lemma kmp_boundary_update_exp1:
  fixes h :: "real \<Rightarrow> real \<Rightarrow> ennreal"
  assumes h: "case_prod h \<in> borel_measurable (borel \<Otimes>\<^sub>M borel)" and "0 \<le> a" "0 < c"
  shows "(\<integral>\<^sup>+x. \<integral>\<^sup>+y. \<integral>\<^sup>+u. \<integral>\<^sup>+b. h (u * (a * x + c * y)) (b * c) \<partial>exp1 \<partial>unif01 \<partial>exp1 \<partial>exp1)
       = (\<integral>\<^sup>+x. \<integral>\<^sup>+y. \<integral>\<^sup>+v. h (pos_part (v * a + (1 - v) * c) * x) (c * y) \<partial>unif01 \<partial>exp1 \<partial>exp1)"
proof -
  note [measurable] = measurable_app2[OF h]
  define m where "m v = pos_part (v * a + (1 - v) * c)" for v
  have [measurable]: "m \<in> borel_measurable borel"
    unfolding m_def by measurable
  (* h' ignores its second argument: the bulk identity applies to it, after which y integrates out. *)
  define h' where "h' p q = (\<integral>\<^sup>+b. h p (b * c) \<partial>exp1)" for p q :: real
  have [measurable]: "case_prod h' \<in> borel_measurable (borel \<Otimes>\<^sub>M borel)"
    unfolding h'_def by measurable
  have "(\<integral>\<^sup>+x. \<integral>\<^sup>+y. \<integral>\<^sup>+u. \<integral>\<^sup>+b. h (u * (a * x + c * y)) (b * c) \<partial>exp1 \<partial>unif01 \<partial>exp1 \<partial>exp1)
      = (\<integral>\<^sup>+x. \<integral>\<^sup>+y. \<integral>\<^sup>+u. h' (u * (a * x + c * y)) ((1 - u) * (a * x + c * y)) \<partial>unif01 \<partial>exp1 \<partial>exp1)"
    by (simp add: h'_def)
  also have "\<dots> = (\<integral>\<^sup>+x. \<integral>\<^sup>+y. \<integral>\<^sup>+v. h' (m v * x) (m v * y) \<partial>unif01 \<partial>exp1 \<partial>exp1)"
    unfolding m_def using assms by (intro kmp_bulk_update_exp1) auto
  also have "\<dots> = (\<integral>\<^sup>+x. \<integral>\<^sup>+v. \<integral>\<^sup>+y. h (m v * x) (c * y) \<partial>exp1 \<partial>unif01 \<partial>exp1)"
    using exp1.emeasure_space_1 by (simp add: h'_def mult.commute)
  also have "\<dots> = (\<integral>\<^sup>+x. \<integral>\<^sup>+y. \<integral>\<^sup>+v. h (m v * x) (c * y) \<partial>unif01 \<partial>exp1 \<partial>exp1)"
  proof (rule nn_integral_cong)
    interpret pair_prob_space exp1 unif01 ..
    show "(\<integral>\<^sup>+v. \<integral>\<^sup>+y. h (m v * x) (c * y) \<partial>exp1 \<partial>unif01) = (\<integral>\<^sup>+y. \<integral>\<^sup>+v. h (m v * x) (c * y) \<partial>unif01 \<partial>exp1)" for x
      by (rule Fubini') measurable
  qed
  finally show ?thesis
    by (simp add: m_def)
qed

section \<open>Mixtures of products of exponentials\<close>

(* The positive part makes this hold for every c, since exp_mean c is the Dirac mass at 0 for c <= 0. *)
lemma exp_mean_eq_distr_exp1: "exp_mean c = distr exp1 borel (\<lambda>x. pos_part c * x)"
proof (cases "c \<le> 0")
  case True
  then show ?thesis
    using exp1.distr_const[of 0 borel] by (simp add: exp_mean_def pos_part_def)
next
  case False
  then have c: "0 < c" by simp
  show ?thesis
  proof (rule measure_eqI_nn_integral[symmetric])
    fix f :: "real \<Rightarrow> ennreal" assume "f \<in> borel_measurable (exp_mean c)"
    then have f[measurable]: "f \<in> borel_measurable borel"
      using c by (simp add: exp_mean_def)
    have "(\<integral>\<^sup>+x. f x \<partial>distr exp1 borel (\<lambda>x. pos_part c * x))
        = (\<integral>\<^sup>+x. ennreal (exp (-x)) * indicator {0..} x * f (c * x) \<partial>lborel)"
      using c by (simp add: nn_integral_distr nn_integral_exp1)
    also have "\<dots> = ennreal (1 / c) * (\<integral>\<^sup>+y. ennreal (exp (- (y / c))) * indicator {0..} (y / c) * f y \<partial>lborel)"
      using c by (subst nn_integral_real_affine[where c="1 / c" and t=0]) auto
    also have "\<dots> = (\<integral>\<^sup>+y. ennreal (exponential_density (1 / c) y) * f y \<partial>lborel)"
      using c
      by (subst nn_integral_cmult[symmetric], measurable)
         (auto intro!: nn_integral_cong simp: exponential_density_def zero_le_divide_iff mult.assoc[symmetric]
           simp flip: ennreal_mult split: split_indicator)
    also have "\<dots> = (\<integral>\<^sup>+x. f x \<partial>exp_mean c)"
      using c by (simp add: exp_mean_def nn_integral_density)
    finally show "(\<integral>\<^sup>+x. f x \<partial>distr exp1 borel (\<lambda>x. pos_part c * x)) = (\<integral>\<^sup>+x. f x \<partial>exp_mean c)" .
  qed (use c in \<open>simp add: exp_mean_def\<close>)
qed

definition iid_exp1 :: "'v set \<Rightarrow> ('v \<Rightarrow> real) measure" where
  "iid_exp1 W = PiM W (\<lambda>_. exp1)"

definition scale_conf :: "'v set \<Rightarrow> ('v \<Rightarrow> real) \<Rightarrow> ('v \<Rightarrow> real) \<Rightarrow> ('v \<Rightarrow> real)" where
  "scale_conf W s e = (\<lambda>l\<in>W. pos_part (s l) * e l)"

lemma sets_iid_exp1[measurable_cong]: "sets (iid_exp1 W) = sets (stsp W)"
  unfolding iid_exp1_def stsp_def by (intro sets_PiM_cong) auto

lemma space_stsp: "space (stsp W) = (\<Pi>\<^sub>E i\<in>W. UNIV)"
  by (simp add: stsp_def space_PiM)

lemma space_stsp_not_empty: "space (stsp W) \<noteq> {}"
  by (simp add: space_stsp PiE_eq_empty_iff)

# ACTIVITY
Which lines of the data contain the word "intro"? Copy each one.

# COMPLETED EXERCISE
    unfolding m_def using assms by (intro kmp_bulk_update_exp1) auto
         (auto intro!: nn_integral_cong simp: exponential_density_def zero_le_divide_iff mult.assoc[symmetric]
  unfolding iid_exp1_def stsp_def by (intro sets_PiM_cong) auto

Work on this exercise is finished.